Return the lines below that carry the word "around".

Records excerpted from a collection:
--------

(* Let $z_1,z_2,z_3,z_4\in\mathbb{C}$ be the vertices of a convex quadrilateral, labelled in cyclic order around its boundary, and for $j=1,\dots,4$ (indices mod $4$) let $$\alpha_j=\angle z_{j+1}z_jz_{j+2},\qquad \beta_j=\angle z_{j+2}z_jz_{j-1},\qquad \gamma_j=\angle z_{j-1}z_jz_{j+1}.$$ Then $$S_1=\sum_{j=1}^4(\cos\alpha_j+\cos\beta_j+\cos\gamma_j)\ \ge\ 4 .$$
   Context: Angles $\angle XYZ\in[0,\pi]$ denote the usual unsigned angle at $Y$ between the segments $YX$ and $YZ$. *)

theory Defs
  imports "HOL-Analysis.Analysis"
begin

definition angle :: "complex \<Rightarrow> complex \<Rightarrow> complex \<Rightarrow> real" where
  "angle x y z = arccos (((x - y) \<bullet> (z - y)) / (norm (x - y) * norm (z - y)))"

(* signed cross product (b - a) x (c - a): positive iff c is strictly left of the
   directed line a -> b *)
definition cross :: "complex \<Rightarrow> complex \<Rightarrow> complex \<Rightarrow> real" where
  "cross a b c = Im (cnj (b - a) * (c - a))"

(* v 0, v 1, v 2, v 3 are the vertices of a (non-degenerate) convex quadrilateral,
   listed in cyclic order around its boundary (either orientation): for every edge
   v j v (j+1), the two remaining vertices lie strictly on the same side of the
   line through that edge, and the side is the same for all edges. *)
definition convex_quad :: "(nat \<Rightarrow> complex) \<Rightarrow> bool" where
  "convex_quad v \<longleftrightarrow>
     (\<forall>j<4. \<forall>k\<in>{2,3}. cross (v j) (v ((j+1) mod 4)) (v ((j+k) mod 4)) > 0) \<or>
     (\<forall>j<4. \<forall>k\<in>{2,3}. cross (v j) (v ((j+1) mod 4)) (v ((j+k) mod 4)) < 0)"

end

theory Submission
  imports Defs
begin

text \<open>The twelve angles are exactly the angles of the four triangles spanned by three of the
  four vertices.  By the law of cosines, the cosines of the angles of a triangle with sides
  \<open>a, b, c\<close> satisfy \<open>cos A + cos B + cos C - 1 = (a+b-c)(b+c-a)(c+a-b) / (2abc)\<close>,
  which is nonnegative by the triangle inequality.  Convexity is only needed to make the four
  vertices pairwise distinct.\<close>

lemma cos_angle_law_of_cosines:
  assumes "x \<noteq> y" "z \<noteq> y"
  shows "cos (angle x y z) =
    ((norm (x - y))\<^sup>2 + (norm (z - y))\<^sup>2 - (norm (x - z))\<^sup>2) / (2 * norm (x - y) * norm (z - y))"
proof -
  define p where "p = norm (x - y) * norm (z - y)"
  define i where "i = (x - y) \<bullet> (z - y)"
  have "p > 0" using assms unfolding p_def by auto
  moreover have "\<bar>i\<bar> \<le> p" unfolding i_def p_def by (rule Cauchy_Schwarz_ineq2)
  ultimately have "\<bar>i / p\<bar> \<le> 1" by (simp add: abs_divide)
  then have "cos (angle x y z) = i / p"
    unfolding angle_def i_def[symmetric] p_def[symmetric] by (rule cos_arccos_abs)
  also have "i = ((norm (x - y))\<^sup>2 + (norm (z - y))\<^sup>2 - (norm (x - z))\<^sup>2) / 2"
    unfolding i_def using dot_norm_neg[of "x - y" "z - y"] by simp
  finally show ?thesis unfolding p_def by simp
qed

lemma law_of_cosines_sum_ge_1:
  fixes a b c :: real
  assumes "a > 0" "b > 0" "c > 0" "a \<le> b + c" "b \<le> a + c" "c \<le> a + b"
  shows "(b\<^sup>2 + c\<^sup>2 - a\<^sup>2) / (2*b*c) + (a\<^sup>2 + c\<^sup>2 - b\<^sup>2) / (2*a*c) + (a\<^sup>2 + b\<^sup>2 - c\<^sup>2) / (2*a*b) \<ge> 1"
proof -
  have "(b\<^sup>2 + c\<^sup>2 - a\<^sup>2) / (2*b*c) + (a\<^sup>2 + c\<^sup>2 - b\<^sup>2) / (2*a*c) + (a\<^sup>2 + b\<^sup>2 - c\<^sup>2) / (2*a*b) - 1
      = (a+b-c) * (b+c-a) * (c+a-b) / (2*a*b*c)"
    using assms by (simp add: field_simps) (simp add: algebra_simps power2_eq_square)
  moreover have "(a+b-c) * (b+c-a) * (c+a-b) / (2*a*b*c) \<ge> 0"
    using assms by (intro divide_nonneg_pos mult_nonneg_nonneg) auto
  ultimately show ?thesis by linarith
qed

lemma angle_commute: "angle x y z = angle z y x"
  unfolding angle_def by (simp add: inner_commute mult.commute)

lemma cos_angle_triangle_sum_ge_1:
  assumes "p \<noteq> q" "q \<noteq> r" "p \<noteq> r"
  shows "cos (angle q p r) + cos (angle p q r) + cos (angle p r q) \<ge> 1"
proof -
  define a b c where "a = dist q r" and "b = dist p r" and "c = dist p q"
  have sides: "norm (q - p) = c" "norm (r - p) = b" "norm (q - r) = a"
    "norm (p - q) = c" "norm (r - q) = a" "norm (p - r) = b"
    unfolding a_def b_def c_def by (simp_all add: dist_norm norm_minus_commute)
  have "a > 0" "b > 0" "c > 0" using assms unfolding a_def b_def c_def by auto
  moreover have "a \<le> b + c" "b \<le> a + c" "c \<le> a + b" unfolding a_def b_def c_def
    using dist_triangle[of q r p] dist_triangle[of p r q] dist_triangle[of p q r]
    by (simp_all add: dist_commute)
  moreover have "cos (angle q p r) = (b\<^sup>2 + c\<^sup>2 - a\<^sup>2) / (2*b*c)"
    "cos (angle p q r) = (a\<^sup>2 + c\<^sup>2 - b\<^sup>2) / (2*a*c)"
    "cos (angle p r q) = (a\<^sup>2 + b\<^sup>2 - c\<^sup>2) / (2*a*b)"
    using assms by (simp_all add: cos_angle_law_of_cosines sides ac_simps)
  ultimately show ?thesis using law_of_cosines_sum_ge_1 by simp
qed

lemma cross_nonzero_imp_distinct: "cross a b c \<noteq> 0 \<Longrightarrow> a \<noteq> b \<and> a \<noteq> c \<and> b \<noteq> c"
  by (auto simp: cross_def algebra_simps)

lemma convex_quad_cross_nonzero:
  assumes "convex_quad v" "j < 4" "k \<in> {2, 3}"
  shows "cross (v j) (v ((j + 1) mod 4)) (v ((j + k) mod 4)) \<noteq> 0"
proof -
  have "(\<forall>k\<in>{2::nat, 3}. cross (v j) (v ((j + 1) mod 4)) (v ((j + k) mod 4)) > 0) \<or>
        (\<forall>k\<in>{2::nat, 3}. cross (v j) (v ((j + 1) mod 4)) (v ((j + k) mod 4)) < 0)"
    using assms(1,2) unfolding convex_quad_def by blast
  then show ?thesis using assms(3) by (metis less_irrefl)
qed

lemma convex_quad_distinct:
  assumes "convex_quad v" "j < 4" "k \<in> {1, 2, 3}"
  shows "v j \<noteq> v ((j + k) mod 4)"
  using cross_nonzero_imp_distinct[OF convex_quad_cross_nonzero[OF assms(1,2), of 2]]
    cross_nonzero_imp_distinct[OF convex_quad_cross_nonzero[OF assms(1,2), of 3]] assms(3)
  by auto

theorem corollary1:
  fixes z1 z2 z3 z4 :: complex
  defines "v \<equiv> (\<lambda>j::nat. [z1, z2, z3, z4] ! (j mod 4))"
  assumes "convex_quad v"
  shows "(\<Sum>j<4. cos (angle (v (j+1)) (v j) (v (j+2)))
                + cos (angle (v (j+2)) (v j) (v (j+3)))
                + cos (angle (v (j+3)) (v j) (v (j+1)))) \<ge> 4"
proof -
  have distinct: "z1 \<noteq> z2" "z1 \<noteq> z3" "z1 \<noteq> z4" "z2 \<noteq> z3" "z2 \<noteq> z4" "z3 \<noteq> z4"
    using convex_quad_distinct[OF assms(2), of 0 1] convex_quad_distinct[OF assms(2), of 0 2]
      convex_quad_distinct[OF assms(2), of 0 3] convex_quad_distinct[OF assms(2), of 1 1]
      convex_quad_distinct[OF assms(2), of 1 2] convex_quad_distinct[OF assms(2), of 2 1]
    by (simp_all add: v_def)
  have "{..<4::nat} = {0, 1, 2, 3}" by auto
  then have "(\<Sum>j<4. cos (angle (v (j+1)) (v j) (v (j+2)))
                + cos (angle (v (j+2)) (v j) (v (j+3)))
                + cos (angle (v (j+3)) (v j) (v (j+1))))
     = (cos (angle z2 z1 z3) + cos (angle z1 z2 z3) + cos (angle z1 z3 z2))
     + (cos (angle z2 z1 z4) + cos (angle z1 z2 z4) + cos (angle z1 z4 z2))
     + (cos (angle z3 z1 z4) + cos (angle z1 z3 z4) + cos (angle z1 z4 z3))
     + (cos (angle z3 z2 z4) + cos (angle z2 z3 z4) + cos (angle z2 z4 z3))"
    by (simp add: v_def angle_commute[of z4 z1 z2] angle_commute[of z4 z2 z1]
        angle_commute[of z4 z3 z1] angle_commute[of z3 z4 z1])
  also have "\<dots> \<ge> 4"
    using cos_angle_triangle_sum_ge_1[of z1 z2 z3] cos_angle_triangle_sum_ge_1[of z1 z2 z4]
      cos_angle_triangle_sum_ge_1[of z1 z3 z4] cos_angle_triangle_sum_ge_1[of z2 z3 z4] distinct
    by simp
  finally show ?thesis .
qed

end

--------

OUTPUT BELOW:
(* Let $z_1,z_2,z_3,z_4\in\mathbb{C}$ be the vertices of a convex quadrilateral, labelled in cyclic order around its boundary, and for $j=1,\dots,4$ (indices mod $4$) let $$\alpha_j=\angle z_{j+1}z_jz_{j+2},\qquad \beta_j=\angle z_{j+2}z_jz_{j-1},\qquad \gamma_j=\angle z_{j-1}z_jz_{j+1}.$$ Then $$S_1=\sum_{j=1}^4(\cos\alpha_j+\cos\beta_j+\cos\gamma_j)\ \ge\ 4 .$$
   listed in cyclic order around its boundary (either orientation): for every edge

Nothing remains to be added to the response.